People arriving at the mall Sunday morning said they'd heard about the shooting but weren't worried about their safety. Many young teenage girls came for an early showing of the vampire movie "Twilight."
Pamela Wood, of Bellevue, accompanied four 12-year-old girls to the movie. She said she'd read about an increase in gang activity in the region but decided that the day after the shooting "might be the safest of all options." She also said the shooting appeared to be between people who knew each other and "wasn't a random act."
Jason Romano, of Enumclaw, was visiting Southcenter for the first time since the extensive remodel. He said he grew up in the Renton area and spent time at the mall as a teenager 20 years ago but stopped going because gang activity got to be "very visual."
"It wasn't a good place to go," he said about the old Southcenter Mall.
Kat Varela, 13, was at Southcenter for the early movie.

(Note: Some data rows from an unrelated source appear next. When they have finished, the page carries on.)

lemma kernel_vec_of_vanishing_pair:
  fixes x :: "nat \<Rightarrow> 'a::comm_ring_1"
  assumes r01: "r0 + r1 \<le> 2 * r" and "vanishing_pair r r0 r1 x U V"
  obtains y where "y \<in> carrier_vec (2 * r)" "y \<noteq> 0\<^sub>v (2 * r)"
    "transpose_mat (M_mat r r0 r1 x) *\<^sub>v y = 0\<^sub>v (2 * r)"
proof
  have nz: "U \<noteq> 0 \<or> V \<noteq> 0" and deg: "degree U < r" "degree V < r"
    and van: "vanishes_on_blocks r r0 r1 x U V"
    using assms(2) by (simp_all add: vanishing_pair_def)
  define y where "y = vec (2 * r) (\<lambda>i. if i < r then coeff U i else coeff V (i - r))"
  show y: "y \<in> carrier_vec (2 * r)"
    by (simp add: y_def)
  have U: "segment_poly y 0 r = U"
    using deg(1) by (intro segment_poly_eqI) (simp_all add: y_def)
  have V: "segment_poly y r r = V"
    using deg(2) by (intro segment_poly_eqI) (simp_all add: y_def)
  show "y \<noteq> 0\<^sub>v (2 * r)"
  proof
    assume "y = 0\<^sub>v (2 * r)"
    then have "segment_poly y 0 r = 0" "segment_poly y r r = 0"
      by (simp_all add: segment_poly_def)
    with U V nz show False
      by simp
  qed
  show "transpose_mat (M_mat r r0 r1 x) *\<^sub>v y = 0\<^sub>v (2 * r)"
    using M_transpose_kernel_iff[OF carrier_vecD[OF y] r01] van U V by simp
qed

lemma det_M_eq_0_iff:
  fixes x :: "nat \<Rightarrow> 'a::field"
  assumes "0 < r" and "r0 + r1 \<le> 2 * r"
  shows "det (M_mat r r0 r1 x) = 0 \<longleftrightarrow> (\<exists>U V. vanishing_pair r r0 r1 x U V)"
proof -
  have M: "M_mat r r0 r1 x \<in> carrier_mat (2 * r) (2 * r)"
    by (simp add: M_mat_def)
  show ?thesis
    unfolding det_eq_0_iff_transpose_kernel[OF M]
    using vanishing_pair_of_kernel_vec[OF assms] kernel_vec_of_vanishing_pair[OF assms(2)] by metis
qed

lemma det_M_eq_0_if_repeated_node:
  fixes x :: "nat \<Rightarrow> 'a::field"
  assumes r01: "r0 + r1 \<le> 2 * r"
    and l: "l \<in> Ups r0 r1 r m" "l' \<in> Ups r0 r1 r m" "l \<noteq> l'" "x l = x l'"
  shows "det (M_mat r r0 r1 x) = 0"
proof -
  let ?M = "M_mat r r0 r1 x"
  have M: "?M \<in> carrier_mat (2 * r) (2 * r)"
    by (simp add: M_mat_def)
  have range: "l - 1 < 2 * r" "l' - 1 < 2 * r" "l - 1 \<noteq> l' - 1" "l - 1 + 1 = l" "l' - 1 + 1 = l'"
    using l r01 by (auto simp: Ups_def split: if_splits)
  have same_block: "l \<in> Ups r0 r1 r k \<longleftrightarrow> l' \<in> Ups r0 r1 r k" for k
    using l by (auto simp: Ups_def split: if_splits)
  have blocks: "(l \<in> Ups r0 r1 r 0 \<and> l' \<in> Ups r0 r1 r 0) \<or>
      (l \<notin> Ups r0 r1 r 0 \<and> l' \<notin> Ups r0 r1 r 0 \<and> l \<in> Ups r0 r1 r 1 \<and> l' \<in> Ups r0 r1 r 1) \<or>
      (l \<notin> Ups r0 r1 r 0 \<and> l' \<notin> Ups r0 r1 r 0 \<and> l \<notin> Ups r0 r1 r 1 \<and> l' \<notin> Ups r0 r1 r 1)"
    using same_block[of 0] same_block[of 1] by blast
  have "?M $$ (i, l - 1) = ?M $$ (i, l' - 1)" if "i < 2 * r" for i
    using blocks that range by (elim disjE) (simp_all add: M_mat_def Let_def l(4))
  then have "col ?M (l - 1) = col ?M (l' - 1)"
    using M range by (auto intro!: eq_vecI)
  then show ?thesis
    using det_identical_columns[OF M range(3) range(1,2)] by blast
qed

section \<open>The matrix S and syzygies of the sigma polynomials\<close>

lemma band_entry_eq_coeff_monom_mult:
  fixes p :: "'a::comm_semiring_1 poly"
  assumes "degree p = d" "1 \<le> i" "K + i + d = R" "1 \<le> c" "c \<le> R"
  shows "(if i \<le> c \<and> c - i \<le> d then coeff p (d - (c - i)) else 0) =
    coeff (monom 1 K * p) (R - c)"
proof (cases "c < i")
  case True
  then have "degree p < R - c - K"
    using assms by linarith
  then show ?thesis
    using True assms by (auto simp: coeff_monom_mult coeff_eq_0)
next
  case False
  then show ?thesis
    using assms by (auto simp: coeff_monom_mult intro: arg_cong[where f = "coeff p"])
qed

lemma finite_Ups: "finite (Ups r0 r1 r m)"
  by (simp add: Ups_def)

lemma sigma_poly_nonzero: "sigma_poly r0 r1 r (x :: nat \<Rightarrow> 'a::idom) m \<noteq> 0"
  by (simp add: sigma_poly_def finite_Ups)

lemma poly_sigma_poly_node:
  "l \<in> Ups r0 r1 r m \<Longrightarrow> poly (sigma_poly r0 r1 r (x :: nat \<Rightarrow> 'a::idom) m) (x l) = 0"
  by (auto simp: sigma_poly_def poly_prod finite_Ups)

definition sigma_combination ::
    "nat \<Rightarrow> nat \<Rightarrow> nat \<Rightarrow> nat \<Rightarrow> (nat \<Rightarrow> 'a::comm_ring_1) \<Rightarrow> 'a vec \<Rightarrow> 'a poly" where
  "sigma_combination r r0 r1 r2 x w =
     sigma_poly r0 r1 r x 0 * rev_segment_poly w 0 (r - r0)
     + sigma_poly r0 r1 r x 1 * rev_segment_poly w (r - r0) r2
     + sigma_poly r0 r1 r x 2 * rev_segment_poly w r2 r"

definition sigma_syzygy ::
    "nat \<Rightarrow> nat \<Rightarrow> nat \<Rightarrow> nat \<Rightarrow> (nat \<Rightarrow> 'a::comm_ring_1) \<Rightarrow> 'a poly \<Rightarrow> 'a poly \<Rightarrow> 'a poly \<Rightarrow> bool" where
  "sigma_syzygy r r0 r1 r2 x C A B \<longleftrightarrow>
     (C \<noteq> 0 \<or> A \<noteq> 0 \<or> B \<noteq> 0) \<and> degree C < r - r0 \<and> degree A < r - r1 \<and> degree B < r - r2 \<and>
     sigma_poly r0 r1 r x 0 * C + sigma_poly r0 r1 r x 1 * A + sigma_poly r0 r1 r x 2 * B = 0"

locale block_sizes =
  fixes r r0 r1 r2 :: nat
  assumes sizes_sum: "r0 + r1 + r2 = 2 * r"
    and sizes_less: "r0 < r" "r1 < r" "r2 < r"
begin

lemma co_sizes_sum: "(r - r0) + (r - r1) = r2"
  using sizes_sum sizes_less by linarith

She said she liked the mall and would continue shopping there.
"I do not think any less of this place because of the shooting," she said.
Howard Baker and Dale Brown stopped for lunch at Southcenter on Sunday on their way to the Seahawks football game.
Baker said a shooting could happen anywhere and wouldn't affect his plans. Brown questioned why the young men apparently had to settle their differences violently.
"Why would it come to a gun?" he said.
Staff researcher David Turim and The Associated Press contributed to this story.